The greatest lesson that São Paulo will carry from its second open government action plan is that collaboration matters and is an essential tool for effective answers to public challenges.

Henrique Goes and Lucilla Dias, São Paulo City Hall

Participe+ was built upon Consul, an open-source software created by the City Hall of Madrid (also a member of OGP Local), which has proven itself to be an effective solution for São Paulo. Our team has used Consul’s several tools and expanded the code to create new formats for polls (restricted by electoral colleges), public consultations (with texts structured by items), and making these processes transparent (all the results can be downloaded in open format). By using this software, Participe+ was cheaper and faster to develop, making it possible to ensure public and active participation during the COVID-19 pandemic. The Sao Paulo’s City Hall’s readiness in responding to social distancing was only possible because our MSF had already identified Consul’s suitability and discussed how São Paulo could implement it, a great example of the effectiveness of collaboration.

Since its release in July 2020, Participe+ has expanded the online civic space in the city, promoting an engaging platform for tackling São Paulo’s open government challenges, by means of public consultations, votings, public hearings and participatory budgeting. Over 100,000 people have accessed the website and 20,000 of them have registered for participating. Some highly relevant public policies have been submitted to consultation on the website, such as the 2030 SDGs Agenda for São Paulo and the City’s Plan on Green Spaces, Parks and Protected Areas. 

With Participe+, São Paulo has seen its online attendance to participatory processes rise outstandingly. The Citizen Budgeting process, for instance, has seen a rise in approximately 500% in participation (from 2.097 in 2019 to 12.354 in 2020), and the 3rd Open Government Multi-Stakeholder Forum election had 16 times more voters than its previous round (from 46 in 2018 to 737 in 2021).  We expect these numbers to yield greater engagement and visibility to public policies, enhancing the interaction between citizens and government.
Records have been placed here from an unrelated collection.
lemma rank_dF_off_poles:
  assumes "r1 > 0" "r2 > 0" "p \<in> M - {Npt, Spt}"
  shows "rank_dF r1 r2 p = 2"
proof (cases "zc p = 0")
  case True
  then show ?thesis using rank_dF_on_equator assms(1) by blast
next
  case False
  then show ?thesis using rank_dF_off_equator assms by blast
qed

theorem proposition4p4:
  fixes \<rho>1 \<rho>2 :: real
  assumes "\<rho>1 > 0" and "\<rho>2 > 0"
  shows "{p \<in> M. rank_dF \<rho>1 \<rho>2 p < 2} = {Npt, Spt}
     \<and> fixed_point \<rho>1 \<rho>2 Npt \<and> fixed_point \<rho>1 \<rho>2 Spt
     \<and> nondegenerate \<rho>1 \<rho>2 Npt \<and> focus_focus \<rho>1 \<rho>2 Npt
     \<and> nondegenerate \<rho>1 \<rho>2 Spt \<and> focus_focus \<rho>1 \<rho>2 Spt
     \<and> (\<forall>p \<in> M - {Npt, Spt}. rank_dF \<rho>1 \<rho>2 p = 2)"
proof -
  have poles: "Npt \<in> {Npt, Spt}" "Spt \<in> {Npt, Spt}" by simp_all
  have regular: "\<forall>p \<in> M - {Npt, Spt}. rank_dF \<rho>1 \<rho>2 p = 2"
    using rank_dF_off_poles[OF assms] by blast
  moreover have "{p \<in> M. rank_dF \<rho>1 \<rho>2 p < 2} = {Npt, Spt}"
  proof
    show "{p \<in> M. rank_dF \<rho>1 \<rho>2 p < 2} \<subseteq> {Npt, Spt}" using regular by force
    show "{Npt, Spt} \<subseteq> {p \<in> M. rank_dF \<rho>1 \<rho>2 p < 2}"
      using rank_dF_at_pole pole_coords(1) by fastforce
  qed
  moreover have "fixed_point \<rho>1 \<rho>2 p" if "p \<in> {Npt, Spt}" for p
    using bdiff_at_pole[OF that] by (simp add: fixed_point_def)
  ultimately show ?thesis
    using poles nondegenerate_at_pole[OF assms] focus_focus_at_pole[OF assms] by simp
qed

end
In 2021, we plan to expand the use of Participe+ with the help of civil society organizations, assuring that there are frequent and adequate opportunities to participate in policies related to citizen’s fundamental interests. As of now, we have the opportunity to broaden open government culture within the City Hall to 1) show public officials the positive impact that participatory processes have in improving public policies, and 2) increase our levels of participation even further, allowing citizens to engage in even more public projects. 

The COVID-19 pandemic has shown us that there are several challenges to guaranteeing open government standards in atypical times – lack of access to the internet and educational inequalities are some of the limitations many cities like ours are still dealing with – but has also demonstrated that social collaboration is a crucial ally in ensuring high-quality policy for citizens. Hopefully, the open government agenda will keep on expanding in São Paulo and other local governments in Brazil, paving the path for an open recovery in a post-pandemic world.